Geleceğimden kimsenin haberi yoktu. Annemin bile...
İçeri girdiğimde beni ilk fark eden doruk olmuştu. Siyah gözleri mavilerime tırmanan adamın dudağının kenarında peyda olduğunu gördüğüm gülüşü eskiden olsa zihnimin uydurduğunu söyleyebilirdim. Lakin şimdi emindim.

Zihnim uydurmuyordu.
İçeri girdiğimde hiç sevdiği bir kadınla evleniyor gibi durmayan bir adam vardı karşımda.

Beş ay çok şeyi değiştirmişti anlaşılan. Doruğu değiştirmişti zaman. Gözlerimin içerisine baktığında gözleri gülümseyen bir adam vardı karşımda.

Gözlerinin içerisinde gördüğüm sevinç paha biçilemeyecek kadar fazlaydı. Eskiden olsaydı bu gülüş için ölürdüm. Ama şimdi herşey değişmişti. Ben de tıpkı Doruk gibi değişmiştim. Hissettiklerim fazlasıyla değişmişti. Tepe takla olmuştu herşey.
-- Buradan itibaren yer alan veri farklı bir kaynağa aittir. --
(* Let $K\in\mathcal{K}$ and let $L_0\in\mathbb{R}^{q\times n}$ be such that $A_K+DL_0$ is Hurwitz. Define recursively, for $j=0,1,2,\dots$, $P^{j}$ as the solution of $$(A_K+DL_j)^\top P^{j}+P^{j}(A_K+DL_j)+Q_K-\gamma^2L_j^\top L_j=0,$$ and $L_{j+1}=\gamma^{-2}D^\top P^{j}$. Then there exists $\beta(K)\in[0,1)$ such that $\mathrm{Tr}(P_K-P^{j+1})\le\beta(K)\,\mathrm{Tr}(P_K-P^{j})$ for all $j\in\mathbb{N}_+$.
   Context: Let $A\in\mathbb{R}^{n\times n}$, $B\in\mathbb{R}^{n\times m}$, $C\in\mathbb{R}^{p\times n}$, $D\in\mathbb{R}^{n\times q}$, $E\in\mathbb{R}^{p\times m}$, $\gamma>0$, with $Q:=C^\top C\succ 0$, $E^\top C=0$, $R:=E^\top E\succ 0$. For $K\in\mathbb{R}^{m\times n}$ set $A_K=A-BK$, $Q_K=Q+K^\top RK$, $T_{zw}(K)(s)=(C-EK)(sI-A+BK)^{-1}D$, and $\mathcal{K}=\{K:\ A_K\text{ Hurwitz},\ \|T_{zw}(K)\|_{\mathcal{H}_\infty}<\gamma\}$, where $\|G\|_{\mathcal{H}_\infty}=\sup_{\omega\in\mathbb{R}}\bar\sigma(G(j\omega))$. For $K\in\mathcal{K}$, $P_K$ denotes the unique symmetric positive definite solution of $A_K^\top P+PA_K+Q_K+\gamma^{-2}PDD^\top P=0$ for which $A_K+\gamma^{-2}DD^\top P_K$ is Hurwitz. $\mathrm{Tr}$ is the trace. *)

theory Defs
  imports "HOL-Analysis.Analysis"
begin

text \<open>Real matrices are typed as real^'c^'r (r rows, c columns); dimensions are finite index types.\<close>

definition cmat :: "real^'c^'r \<Rightarrow> complex^'c^'r" where
  "cmat M = (\<chi> i j. complex_of_real (M $ i $ j))"

definition hurwitz :: "real^'n^'n \<Rightarrow> bool" where
  "hurwitz M \<longleftrightarrow> (\<forall>(lam::complex) (v::complex^'n). v \<noteq> 0 \<and> cmat M *v v = lam *s v \<longrightarrow> Re lam < 0)"

definition pos_def :: "real^'n^'n \<Rightarrow> bool" where
  "pos_def M \<longleftrightarrow> (\<forall>x. x \<noteq> 0 \<longrightarrow> x \<bullet> (M *v x) > 0)"

text \<open>Largest singular value = induced Euclidean operator norm.\<close>
definition max_sv :: "complex^'c^'r \<Rightarrow> real" where
  "max_sv G = onorm (\<lambda>v. G *v v)"

definition Hinf_norm :: "(real \<Rightarrow> complex^'c^'r) \<Rightarrow> real" where
  "Hinf_norm G = (SUP w. max_sv (G w))"

definition Tzw :: "real^'n^'n \<Rightarrow> real^'m^'n \<Rightarrow> real^'n^'p \<Rightarrow> real^'q^'n \<Rightarrow> real^'m^'p
      \<Rightarrow> real^'n^'m \<Rightarrow> real \<Rightarrow> complex^'q^'p" where
  "Tzw A B C D E K w = cmat (C - E ** K) **
      matrix_inv (mat (\<i> * complex_of_real w) - cmat (A - B ** K)) ** cmat D"

definition Kset :: "real^'n^'n \<Rightarrow> real^'m^'n \<Rightarrow> real^'n^'p \<Rightarrow> real^'q^'n \<Rightarrow> real^'m^'p
      \<Rightarrow> real \<Rightarrow> (real^'n^'m) set" where
  "Kset A B C D E \<gamma> = {K. hurwitz (A - B ** K) \<and> Hinf_norm (Tzw A B C D E K) < \<gamma>}"

end

(*
  Write X_j = P_K - P^j and L_K = gamma^-2 D^T P_K. Subtracting the equation for P^j from the
  Riccati equation gives the Lyapunov equation
    (A_K + D L_j)^T X_j + X_j (A_K + D L_j) = -gamma^2 (L_j - L_K)^T (L_j - L_K),
  so X_j is positive semidefinite as long as A_K + D L_j is Hurwitz. Rewriting this equation for
  the feedback L_{j+1} = gamma^-2 D^T P^j splits the right-hand side into two squares; this keeps
  A_K + D L_{j+1} Hurwitz and shows X_j - X_{j+1} >= 0. Rewriting it instead for the optimal feedback
  L_K bounds tr X_{j+1} by a multiple of |L_{j+1} - L_{j+2}|^2, and since
  gamma^2 (L_{j+1} - L_{j+2}) = D^T (X_{j+1} - X_j) this is at most kappa tr (X_j - X_{j+1});
  then beta = kappa / (1 + kappa).

  For a Hurwitz matrix M, the Lyapunov equation M^T X + X M = -W has a unique solution because M^T and
  -M have disjoint spectra (Sylvester), and X is positive definite when W is: deform M into -I,
  where X = W/2, and note that the smallest eigenvalue of X cannot cross 0 along the way. The
  semidefinite case follows by perturbing W by a small multiple of I.
*)

theory Submission
  imports Defs "HOL-Computational_Algebra.Fundamental_Theorem_Algebra"
begin

lemma matrix_add_rdistrib: "(B + C) ** A = B ** A + C ** A"
  by (simp add: matrix_matrix_mult_def vec_eq_iff distrib_right sum.distrib)

lemma matrix_diff_rdistrib: "(B - C) ** (A::'a::ring_1^_^_) = B ** A - C ** A"
  by (simp add: matrix_matrix_mult_def vec_eq_iff left_diff_distrib sum_subtractf)

lemma matrix_diff_ldistrib: "(A::'a::ring_1^_^_) ** (B - C) = A ** B - A ** C"
  by (simp add: matrix_matrix_mult_def vec_eq_iff right_diff_distrib sum_subtractf)

lemma matrix_neg_left: "(- B) ** (A::'a::ring_1^_^_) = - (B ** A)"
  by (simp add: matrix_matrix_mult_def vec_eq_iff sum_negf)

lemma matrix_neg_right: "(A::'a::ring_1^_^_) ** (- B) = - (A ** B)"
  by (simp add: matrix_matrix_mult_def vec_eq_iff sum_negf)

lemma matrix_vector_mult_neg: "(- A) *v x = - (A *v (x::'a::ring_1^_))"
  by (simp add: vec_eq_iff matrix_vector_mult_def sum_negf)

lemma transpose_add: "transpose (A + B) = transpose A + transpose B"
  by (simp add: transpose_def vec_eq_iff)

lemma transpose_diff: "transpose (A - B) = transpose A - transpose (B::'a::ab_group_add^'n^'m)"
  by (simp add: transpose_def vec_eq_iff)

lemma transpose_neg: "transpose (- A) = - transpose (A::'a::ab_group_add^'n^'m)"
  by (simp add: transpose_def vec_eq_iff)

lemma invertible_transpose: "invertible A \<Longrightarrow> invertible (transpose (A::'a::comm_semiring_1^'n^'n))"
  unfolding invertible_def by (metis matrix_transpose_mul transpose_mat)

lemma invertible_uminus: "invertible A \<Longrightarrow> invertible (- (A::'a::comm_ring_1^'n^'n))"
  unfolding invertible_def by (metis matrix_neg_left matrix_neg_right minus_minus)

lemma mat_add: "mat (a + b) = (mat a + mat b :: 'a::monoid_add^'n^'n)"
  by (simp add: mat_def vec_eq_iff)

lemma mat_diff: "mat (a - b) = (mat a - mat b :: 'a::group_add^'n^'n)"
  by (simp add: mat_def vec_eq_iff)

lemma mat_neg: "mat (- a) = (- mat a :: 'a::group_add^'n^'n)"
  by (simp add: mat_def vec_eq_iff)

lemma mat_mul_left_nth: "(mat c ** (A::'a::semiring_1^'m^'n)) $ i $ j = c * A $ i $ j"
  unfolding matrix_matrix_mult_def mat_def by (simp add: if_distrib if_distribR cong: if_cong)

lemma mat_mul_right_nth: "((A::'a::semiring_1^'m^'n) ** mat c) $ i $ j = A $ i $ j * c"
  unfolding matrix_matrix_mult_def mat_def by (simp add: if_distrib cong: if_cong)

lemma mat_mult: "mat (a * b) = (mat a ** mat b :: 'a::semiring_1^'n^'n)"
  by (simp add: vec_eq_iff mat_mul_left_nth) (simp add: mat_def)

lemma mat_commute: "mat (c::'a::comm_semiring_1) ** (A::'a^'n^'n) = A ** mat c"
  by (simp add: vec_eq_iff mat_mul_left_nth mat_mul_right_nth mult.commute)

lemma mat_mul_left_commute: "mat (c::'a::comm_semiring_1) ** ((N::'a^'n^'n) ** X) = N ** (mat c ** X)"
  by (simp add: matrix_mul_assoc mat_commute)

lemma mat_mulv: "mat a *v x = a *s (x::'a::comm_semiring_1^'n)"
  by (simp add: vec_eq_iff matrix_vector_mult_def mat_def if_distrib if_distribR cong: if_cong)

lemma mat_of_real_mul: "mat (complex_of_real r) ** X = r *\<^sub>R (X::complex^'n^'n)"
proof -
  have "(r *\<^sub>R X) $ i $ j = complex_of_real r * X $ i $ j" for i j
    by (metis vector_scaleR_component scaleR_conv_of_real)
  then show ?thesis by (simp add: vec_eq_iff mat_mul_left_nth)
qed

section \<open>Polynomials of a complex matrix and the Sylvester equation\<close>

definition poly_matrix :: "complex poly \<Rightarrow> complex^'n^'n \<Rightarrow> complex^'n^'n" where
  "poly_matrix p N = foldr (\<lambda>c M. mat c + N ** M) (coeffs p) 0"

lemma poly_matrix_0 [simp]: "poly_matrix 0 N = 0"
  by (simp add: poly_matrix_def)

lemma poly_matrix_pCons [simp]: "poly_matrix (pCons a p) N = mat a + N ** poly_matrix p N"
  by (cases "p = 0 \<and> a = 0") (auto simp: poly_matrix_def cCons_def)

lemma poly_matrix_add: "poly_matrix (p + q) N = poly_matrix p N + poly_matrix q N"
  by (induction p q rule: poly_induct2) (simp_all add: mat_add matrix_add_ldistrib)

lemma poly_matrix_smult: "poly_matrix (smult c p) N = mat c ** poly_matrix p N"
  by (induction p) (simp_all add: mat_mult matrix_add_ldistrib mat_mul_left_commute)

lemma poly_matrix_mult: "poly_matrix (p * q) N = poly_matrix p N ** poly_matrix q N"
  by (induction p)
    (simp_all add: poly_matrix_add poly_matrix_smult matrix_add_rdistrib matrix_mul_assoc)

lemma poly_matrix_diff: "poly_matrix (p - q) N = poly_matrix p N - poly_matrix q N"
  by (induction p q rule: poly_induct2) (simp_all add: mat_diff matrix_diff_ldistrib)

lemma poly_matrix_sum: "finite A \<Longrightarrow> poly_matrix (sum f A) N = (\<Sum>x\<in>A. poly_matrix (f x) N)"
  by (induction A rule: finite_induct) (simp_all add: poly_matrix_add)

lemma poly_matrix_monom: "poly_matrix (monom c k) N = mat c ** (((**) N) ^^ k) (mat 1)"
proof (induction k)
  case 0
  show ?case by (simp add: monom_0)
next
  case (Suc k)
  then show ?case by (simp add: monom_Suc mat_mul_left_commute)
qed

lemma poly_matrix_linear: "poly_matrix [:-a, 1:] N = N - mat a"
  by (simp add: mat_neg)

lemma poly_matrix_annihilating: "\<exists>p. p \<noteq> 0 \<and> poly_matrix p (N::complex^'n^'n) = 0"
proof -
  define m where "m = DIM(complex^'n^'n)"
  define f where "f k = (((**) N) ^^ k) (mat 1)" for k
  show ?thesis
  proof (cases "inj_on f {..m}")
    case False
    then obtain i j where ij: "i \<noteq> j" "f i = f j"
      unfolding inj_on_def by auto
    define p where "p = monom (1::complex) j - monom 1 i"
    have "coeff p j = 1"
      using ij by (simp add: p_def coeff_monom)
    moreover have "poly_matrix p N = 0"
      using ij(2) by (simp add: p_def poly_matrix_diff poly_matrix_monom f_def)
    ultimately show ?thesis
      by (metis coeff_0 zero_neq_one)
  next
    case True
    have "\<not> card (f ` {..m}) \<le> DIM(complex^'n^'n)"
      using True by (simp add: card_image m_def)
    then have "dependent (f ` {..m})"
      using independent_bound by blast
    then obtain u where u: "\<exists>v\<in>f ` {..m}. u v \<noteq> 0" "(\<Sum>v\<in>f ` {..m}. u v *\<^sub>R v) = 0"
      using real_vector.dependent_finite[of "f ` {..m}"] by auto
    define p where "p = (\<Sum>k\<le>m. monom (complex_of_real (u (f k))) k)"
    have "poly_matrix p N = (\<Sum>k\<le>m. u (f k) *\<^sub>R f k)"
      by (simp add: p_def poly_matrix_sum poly_matrix_monom mat_of_real_mul f_def)
    also have "\<dots> = 0"
      using u(2) by (simp add: sum.reindex[OF True])
    finally have "poly_matrix p N = 0" .
    moreover obtain k where "k \<le> m" "u (f k) \<noteq> 0"
      using u(1) by auto
    then have "coeff p k \<noteq> 0"
      by (simp add: p_def coeff_sum coeff_monom)
    ultimately show ?thesis
      by (metis coeff_0)
  qed
qed

lemma poly_matrix_annihilating_linear_factors:
  "\<exists>as. poly_matrix (\<Prod>b\<leftarrow>as. [:-b, 1:]) (N::complex^'n^'n) = 0"
proof -
  obtain p where p: "p \<noteq> 0" "poly_matrix p N = 0"
    using poly_matrix_annihilating by blast
  obtain as where "mset as = proots p"
    using ex_mset by blast
  then have "(\<Prod>a\<in>#proots p. [:-a, 1:]) = (\<Prod>b\<leftarrow>as. [:-b, 1:])"
    by (auto simp flip: prod_mset_prod_list)
  then have "p = smult (lead_coeff p) (\<Prod>b\<leftarrow>as. [:-b, 1:])"
    using complex_poly_decompose_multiset[of p] by simp
  then have "mat (lead_coeff p) ** poly_matrix (\<Prod>b\<leftarrow>as. [:-b, 1:]) N = 0"
    using p(2) by (metis poly_matrix_smult)
  then have "mat (inverse (lead_coeff p) * lead_coeff p) ** poly_matrix (\<Prod>b\<leftarrow>as. [:-b, 1:]) N = 0"
    by (simp add: mat_mult flip: matrix_mul_assoc)
  then show ?thesis
    using p(1) by auto
qed

text \<open>Peel off the linear factors \<open>N - a\<close> of an annihilating polynomial of \<open>N\<close> one at a time: either
  \<open>N - a\<close> or \<open>S - a\<close> is invertible, and \<open>(N - a) Y = Y (S - a)\<close>.\<close>
lemma sylvester_eq_zero:
  fixes N S Y :: "complex^'n^'n"
  assumes NY: "N ** Y = Y ** S"
    and spectra: "\<And>a. \<not> invertible (N - mat a) \<Longrightarrow> invertible (S - mat a)"
  shows "Y = 0"
proof -
  obtain as where annihilates: "poly_matrix (\<Prod>b\<leftarrow>as. [:-b, 1:]) N = 0"
    using poly_matrix_annihilating_linear_factors by blast
  have "N ** Y = Y ** S \<Longrightarrow> poly_matrix (\<Prod>b\<leftarrow>cs. [:-b, 1:]) N ** Y = 0 \<Longrightarrow> Y = 0" for cs Y
  proof (induction cs arbitrary: Y)
    case Nil
    then show ?case by (simp add: one_pCons)
  next
    case (Cons a cs)
    have shift: "(N - mat a) ** Y = Y ** (S - mat a)"
      by (simp add: matrix_diff_ldistrib matrix_diff_rdistrib Cons.prems(1) mat_commute)
    have "N ** (N - mat a) = (N - mat a) ** N"
      by (simp add: matrix_diff_ldistrib matrix_diff_rdistrib mat_commute)
    then have "N ** ((N - mat a) ** Y) = (N - mat a) ** (N ** Y)"
      by (simp only: matrix_mul_assoc)
    also have "\<dots> = ((N - mat a) ** Y) ** S"
      by (simp add: Cons.prems(1) matrix_mul_assoc)
    moreover have "poly_matrix (\<Prod>b\<leftarrow>a # cs. [:-b, 1:]) N
        = poly_matrix (\<Prod>b\<leftarrow>cs. [:-b, 1:]) N ** (N - mat a)"
      by (simp only: list.map prod_list.Cons mult.commute[of "[:-a, 1:]"] poly_matrix_mult poly_matrix_linear)
    then have "poly_matrix (\<Prod>b\<leftarrow>cs. [:-b, 1:]) N ** ((N - mat a) ** Y) = 0"
      using Cons.prems(2) by (simp add: matrix_mul_assoc)
    ultimately have Y': "Y ** (S - mat a) = 0"
      using Cons.IH shift by metis
    show "Y = 0"
    proof (cases "invertible (N - mat a)")
      case True
      then obtain B where "B ** (N - mat a) = mat 1"
        by (auto simp: invertible_left_inverse)
      then have "Y = B ** ((N - mat a) ** Y)"
        by (simp add: matrix_mul_assoc)
      then show ?thesis
        using Y' shift by simp
    next
      case False
      then obtain C where "(S - mat a) ** C = mat 1"
        using spectra by (auto simp: invertible_right_inverse)
      then have "Y = (Y ** (S - mat a)) ** C"
        by (simp flip: matrix_mul_assoc)
      then show ?thesis
        using Y' by simp
    qed
  qed
  moreover have "poly_matrix (\<Prod>b\<leftarrow>as. [:-b, 1:]) N ** Y = 0"
    by (simp only: annihilates times0_left)
  ultimately show ?thesis
    using NY by blast
qed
Giydiği siyah takım elbisesinin içinde yakışıklı bir tanrıyı andıran doruk kalabalığın içerisinden bana doğru yaklaşıyordu.

Eskiden olsa bir saniye durmaz koşar boynuna sarılırdım. Şimdiyse karşımda yarı tanrıyı andıran bu adamın benim için adım atıyor olmasının hiçbir önemi kalmamıştı. Emindim artık Doruk bitmişti.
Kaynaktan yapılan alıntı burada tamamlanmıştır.